Capítulo Um: Su Rong
Su Rong foi despertada por um choro abafado e opressor.
Ela abriu os olhos, levou a mão à testa e, ao pressioná-la, soltou um “ai” de dor aguda e lancinante. Só então se lembrou de que havia machucado a testa; pela intensidade da dor, estava claro que ninguém viera tratá-la ainda.
Abaixou a mão e, com dificuldade, sentou-se na cama.
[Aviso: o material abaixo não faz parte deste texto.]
(* Let $a<b$, let $\alpha\in C^1([a,b],\,]0,1[)$, fix $n\in\mathbb{N}$ and an integer $N\ge n+1$, and let $x\in C^{n+1}([a,b],\mathbb{R})$. For $t\in\,]a,b]$ and $k\ge n+1$ let $V_k(t)=(k-n)\int_a^t(\tau-a)^{k-n-1}x(\tau)\,d\tau$, and let $$A(\alpha(t),k)=\frac{1}{\Gamma(k+1-\alpha(t))}\Big[1+\sum_{p=n+1-k}^{N}\frac{\Gamma(p-n+\alpha(t))}{\Gamma(\alpha(t)-k)(p-n+k)!}\Big]\ (k=0,\dots,n),\qquad B(\alpha(t),k)=\frac{\Gamma(k-n+\alpha(t))}{\Gamma(-\alpha(t))\Gamma(1+\alpha(t))(k-n)!}\ (k\ge n+1),$$ $$S_1(t)=(t-a)^{-\alpha(t)}\Big[\sum_{k=0}^{n}A(\alpha(t),k)(t-a)^k x^{(k)}(t)+\sum_{k=n+1}^{N}B(\alpha(t),k)(t-a)^{n-k}V_k(t)\Big].$$ Then for every $t\in\,]a,b]$, $${}_a\mathbb{D}_t^{\alpha(t)}x(t)=S_1(t)+E_{1,N}(t),$$ where $$|E_{1,N}(t)|\le \max_{\tau\in[a,t]}|x^{(n+1)}(\tau)|\cdot\frac{\exp\big((n-\alpha(t))^2+n-\alpha(t)\big)}{\Gamma(n+1-\alpha(t))(n-\alpha(t))N^{n-\alpha(t)}}(t-a)^{n+1-\alpha(t)}.$$
   Context: For $\alpha:[a,b]\to\,]0,1[$ and $t\in\,]a,b]$, the left Marchaud fractional derivative of variable order $\alpha(\cdot)$ is $${}_a\mathbb{D}_t^{\alpha(t)}x(t)=\frac{x(t)}{\Gamma(1-\alpha(t))(t-a)^{\alpha(t)}}+\frac{\alpha(t)}{\Gamma(1-\alpha(t))}\int_a^t\frac{x(t)-x(\tau)}{(t-\tau)^{1+\alpha(t)}}\,d\tau.$$ *)

theory Defs
  imports "HOL-Analysis.Analysis"
begin

definition marchaud_left :: "real \<Rightarrow> (real \<Rightarrow> real) \<Rightarrow> (real \<Rightarrow> real) \<Rightarrow> real \<Rightarrow> real" where
  "marchaud_left a alpha x t =
     x t / (Gamma (1 - alpha t) * (t - a) powr alpha t)
     + alpha t / Gamma (1 - alpha t) *
       integral {a..t} (\<lambda>\<tau>. (x t - x \<tau>) / (t - \<tau>) powr (1 + alpha t))"

definition V_mom :: "real \<Rightarrow> (real \<Rightarrow> real) \<Rightarrow> nat \<Rightarrow> nat \<Rightarrow> real \<Rightarrow> real" where
  "V_mom a x n k t = real (k - n) * integral {a..t} (\<lambda>\<tau>. (\<tau> - a) ^ (k - n - 1) * x \<tau>)"

definition A_coef :: "nat \<Rightarrow> nat \<Rightarrow> real \<Rightarrow> nat \<Rightarrow> real" where
  "A_coef n N al k = 1 / Gamma (real k + 1 - al) *
     (1 + (\<Sum>p\<in>{int n + 1 - int k .. int N}.
            Gamma (real_of_int (p - int n) + al) /
            (Gamma (al - real k) * fact (nat (p - int n + int k)))))"

definition B_coef :: "nat \<Rightarrow> real \<Rightarrow> nat \<Rightarrow> real" where
  "B_coef n al k = Gamma (real k - real n + al) /
     (Gamma (- al) * Gamma (1 + al) * fact (k - n))"

text \<open>S_1(t); D k stands for the k-th derivative of x.\<close>
definition S1 :: "real \<Rightarrow> (real \<Rightarrow> real) \<Rightarrow> (nat \<Rightarrow> real \<Rightarrow> real) \<Rightarrow> nat \<Rightarrow> nat \<Rightarrow> real \<Rightarrow> real" where
  "S1 a alpha D n N t = (t - a) powr (- alpha t) *
     ((\<Sum>k=0..n. A_coef n N (alpha t) k * (t - a) ^ k * D k t)
      + (\<Sum>k=n+1..N. B_coef n (alpha t) k * (t - a) powr (real n - real k) * V_mom a (D 0) n k t))"

end

(*
  Let P be the Taylor polynomial of x of degree n at t and r = x - P. The coefficients A and B
  are exactly such that S_1 reproduces the Marchaud derivative of P, so the moments V_k only
  contribute through r and the error becomes

    -alpha(t) / Gamma(1 - alpha(t)) * int_a^t r(tau) K(tau) dtau,

  where K is (t - tau)^(-1-alpha(t)) minus its binomial expansion in powers of
  (tau - a)/(t - a), truncated after N - n terms. K is nonnegative, so with
  |r(tau)| <= max|x^(n+1)| (t - tau)^(n+1) / n! the error is bounded by a multiple of
  int_a^t (t - tau)^(n+1) K(tau) dtau, which Beta integrals and a telescoping sum evaluate in
  closed form. An elementary estimate of the resulting ratio of Pochhammer symbols gives the
  stated constant.
*)

theory Submission
  imports Defs
begin

lemma has_integral_power_mult_power:
  fixes a t :: real
  assumes "a \<le> t"
  shows "((\<lambda>\<tau>. (\<tau>-a)^i * (t-\<tau>)^m) has_integral (t-a)^(i+m+1) * fact i * fact m / fact (i+m+1)) {a..t}"
proof (induction m arbitrary: i)
  case 0
  have "((\<lambda>\<tau>. (\<tau>-a)^Suc i / Suc i) has_real_derivative (\<sigma>-a)^i) (at \<sigma> within {a..t})" for \<sigma>
    by (rule derivative_eq_intros refl | simp)+
  then have "((\<lambda>\<tau>. (\<tau>-a)^i) has_integral ((t-a)^Suc i/Suc i - (a-a)^Suc i/Suc i)) {a..t}"
    by (intro fundamental_theorem_of_calculus[OF assms])
      (simp add: has_real_derivative_iff_has_vector_derivative[symmetric])
  moreover have "(t-a)^(i+0+1) * fact i * fact 0 / fact (i+0+1) = (t-a)^Suc i / Suc i"
    by (simp add: field_simps del: of_nat_Suc)
  ultimately show ?case by simp
next
  case (Suc m)
  \<comment> \<open>\<open>(t-\<tau>)^(m+1) = (t-a)(t-\<tau>)^m - (\<tau>-a)(t-\<tau>)^m\<close> reduces \<open>m + 1\<close> to \<open>m\<close>\<close>
  have "((\<lambda>\<tau>. (t-a) * ((\<tau>-a)^i * (t-\<tau>)^m) - (\<tau>-a)^Suc i * (t-\<tau>)^m) has_integral
      (t-a) * ((t-a)^(i+m+1) * fact i * fact m / fact (i+m+1))
      - (t-a)^(Suc i+m+1) * fact (Suc i) * fact m / fact (Suc i+m+1)) {a..t}"
    by (intro has_integral_diff has_integral_mult_right Suc.IH)
  moreover have "(\<lambda>\<tau>. (t-a) * ((\<tau>-a)^i * (t-\<tau>)^m) - (\<tau>-a)^Suc i * (t-\<tau>)^m) = (\<lambda>\<tau>. (\<tau>-a)^i * (t-\<tau>)^Suc m)"
    by (simp add: fun_eq_iff algebra_simps)
  moreover have "(t-a) * ((t-a)^(i+m+1) * fact i * fact m / fact (i+m+1))
      - (t-a)^(Suc i+m+1) * fact (Suc i) * fact m / fact (Suc i+m+1)
      = (t-a)^(i+Suc m+1) * fact i * fact (Suc m) / fact (i+Suc m+1)"
  proof -
    define F X where "F = (fact (i+m+1) :: real)" and "X = (t-a)^(i+m+2)"
    have F: "F > 0" by (simp add: F_def)
    have fact_Suc_eqs: "(fact (Suc i + m + 1)::real) = (real i + real m + 2) * F"
      "(fact (i + Suc m + 1)::real) = (real i + real m + 2) * F"
      "(fact (Suc i)::real) = (real i + 1) * fact i" "(fact (Suc m)::real) = (real m + 1) * fact m"
      by (simp_all add: F_def algebra_simps)
    have "X * fact i * fact m / F - X * ((I + 1) * fact i) * fact m / (K * F)
        = X * fact i * ((K - I - 1) * fact m) / (K * F)" if "K > 0" for K I :: real
      using F that by (simp add: field_simps)
    from this[of "real i + real m + 2" "real i"]
    have "X * fact i * fact m / F - X * ((real i + 1) * fact i) * fact m / ((real i + real m + 2) * F)
        = X * fact i * ((real m + 1) * fact m) / ((real i + real m + 2) * F)"
      by (simp add: add_pos_pos)
    then show ?thesis
      unfolding fact_Suc_eqs by (simp add: X_def F_def mult.assoc)
  qed
  ultimately show ?case by simp
qed

lemma has_integral_diff_powr:
  fixes a t r :: real
  assumes "a \<le> t" "r > -1"
  shows "((\<lambda>\<tau>. (t-\<tau>) powr r) has_integral (t-a) powr (r+1)/(r+1)) {a..t}"
proof -
  define F where "F = (\<lambda>\<tau>::real. - ((t-\<tau>) powr (r+1)) / (r+1))"
  have "((\<lambda>\<tau>. (t-\<tau>) powr r) has_integral (F t - F a)) {a..t}"
  proof (rule fundamental_theorem_of_calculus_interior[OF assms(1)])
    show "continuous_on {a..t} F"
      unfolding F_def using assms by (intro continuous_intros continuous_on_powr') auto
    fix x assume "x \<in> {a<..<t}"
    then have "(F has_real_derivative (t - x) powr r) (at x)"
      unfolding F_def using assms
      by - (rule derivative_eq_intros refl | simp)+
    then show "(F has_vector_derivative (t - x) powr r) (at x)"
      by (simp add: has_real_derivative_iff_has_vector_derivative)
  qed
  then show ?thesis by (simp add: F_def)
qed

lemma sum_atMost_split_first:
  fixes f :: "nat \<Rightarrow> 'a::comm_monoid_add"
  shows "(\<Sum>k\<le>n. f k) = f 0 + (\<Sum>k\<in>{1..n}. f k)"
  by (simp add: atMost_atLeast0 sum.atLeast_Suc_atMost)

lemma powr_mult_power:
  fixes x :: real
  assumes "0 < x"
  shows "x powr r * x ^ m = x powr (r + real m)"
  using assms by (simp add: powr_add powr_realpow)

section \<open>Pochhammer identities and estimates\<close>

lemma sum_pochhammer_div_fact:
  fixes g :: "'a::field_char_0"
  shows "(\<Sum>q\<le>m. pochhammer g q / fact q) = pochhammer (g+1) m / fact m"
  using gbinomial_parallel_sum[of "g - 1" m] by (simp add: gbinomial_pochhammer')

lemma pochhammer_reflect_mult:
  fixes b :: real
  shows "pochhammer (b - real k + 1) k * (real k - b) = (-1)^(k+1) * b * pochhammer (1-b) k"
proof -
  have "pochhammer (b - real k + 1) k = (-1)^k * pochhammer (-b) k"
    by (rule pochhammer_minus')
  moreover have "pochhammer (-b) k * (real k - b) = pochhammer (-b) (Suc k)"
    by (simp add: pochhammer_Suc)
  moreover have "pochhammer (-b) (Suc k) = -b * pochhammer (1-b) k"
    by (simp add: pochhammer_rec)
  ultimately show ?thesis by (simp add: mult.assoc)
qed

lemma pochhammer_reflect_add:
  fixes b :: real
  shows "pochhammer (b - real k) (k + Suc L) = (-1)^k * b * pochhammer (1-b) k * pochhammer (1+b) L"
proof -
  have "pochhammer (b - real k) (k + Suc L) = pochhammer (b - real k) k * pochhammer (b - real k + real k) (Suc L)"
    by (rule pochhammer_product')
  moreover have "pochhammer (b - real k) k = (-1)^k * pochhammer (1-b) k"
    using pochhammer_minus'[of "b - 1" k] by (simp add: algebra_simps)
  moreover have "pochhammer b (Suc L) = b * pochhammer (1+b) L"
    by (simp add: pochhammer_rec add.commute)
  ultimately show ?thesis by simp
qed
(* Let $\mathcal X$ be an input space and $\mathcal Y$ an output space, let $r:\mathcal X\times\mathcal Y\to\mathbb R$ be a reward function, let $\pi_0(y\mid x)$ be the current conditional policy, assumed absolutely continuous, let $A(x,y)$ denote the advantage function (of the form $r(x,y)+\lambda(x)$ for a baseline $\lambda:\mathcal X\to\mathbb R$), and fix $\gamma\ge 0$ and $\eta>0$. Let $\delta\mathcal F(\pi_0;\delta\pi)=\int_{\mathcal Y}r(x,y)\,\delta\pi(y\mid x)\,dy$ be the first variation of the expected return functional $\mathcal F(\pi)=\mathbb E_{y\sim\pi(y\mid x)}[r(x,y)]$. Consider, over all admissible variations $\delta\pi(y\mid x)$ (signed measures with $\int\delta\pi(y\mid x)\,dy=0$ for every $x$), the local update problem with the $\gamma$-weighted variational metric \[ \max_{\delta\pi}\Big\{\delta\mathcal F(\pi_0;\delta\pi)-\frac{1}{2\eta}\int_{\mathcal Y}\frac{(\delta\pi(y\mid x))^2}{|A(x,y)|^{\gamma}\,\pi_0(y\mid x)}\,dy\Big\}. \] Then the optimal ascent satisfies \[ \delta\pi(y\mid x)\propto\pi_0(y\mid x)\,\mathrm{sign}(A(x,y))\,|A(x,y)|^{1+\gamma}. \]
   Context: The $\gamma$-weighted variational metric on admissible variations at $\pi_0$ is $\langle\delta\pi_1,\delta\pi_2\rangle^{\gamma}_{\pi_0}=\int_{\mathcal Y}\frac{\delta\pi_1(y\mid x)\,\delta\pi_2(y\mid x)}{|A(x,y)|^{\gamma}\pi_0(y\mid x)}\,dy$, a weighted version of the Fisher–Rao metric; advantage functions differing by a function of $x$ alone are regarded as equivalent (they give the same policy gradient). *)

theory Defs
  imports "HOL-Analysis.Analysis"
begin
Olhando pela porta e janela quebradas, chamou para fora:
— Lua Crescente, entre.
Lua Crescente se assustou, calou-se imediatamente, enxugou as lágrimas do rosto e entrou no quarto, olhos avermelhados, umedecidos pela tristeza, parecendo uma coitadinha.
— Senhorita, acordou?
— Por que está chorando? Só bati a cabeça, não foi nada demais. Sua senhorita tem muita sorte e vida longa; mesmo que não venha médico, não vou morrer.
Lua Crescente não se aguentou e as lágrimas voltaram a correr.
— Não é isso.
— Não é o quê?
Enxugando as lágrimas com a manga, Lua Crescente respondeu entre soluços:
— Lá fora todos comentam que aconteceu uma grande confusão na capital: o jovem senhor do Ducado Protetor e o jovem príncipe do Palácio de Rui'an brigaram na rua por causa de uma mulher. O senhor Zhou, como pôde disputar uma mulher desse jeito?
Su Rong ficou surpresa.
— Ele quis disputar, e daí? Por que você está chorando? Isso te afeta em quê?
Lua Crescente engasgou, furiosa, cerrando os punhos.
— Senhorita, o senhor Zhou é seu noivo!
Su Rong permaneceu em silêncio.
Ah, tinha se esquecido. Ela realmente tinha um noivo, o jovem senhor Zhou Gu do Ducado Protetor, prometido por sua mãe antes de morrer, sem nunca lhe explicar o motivo.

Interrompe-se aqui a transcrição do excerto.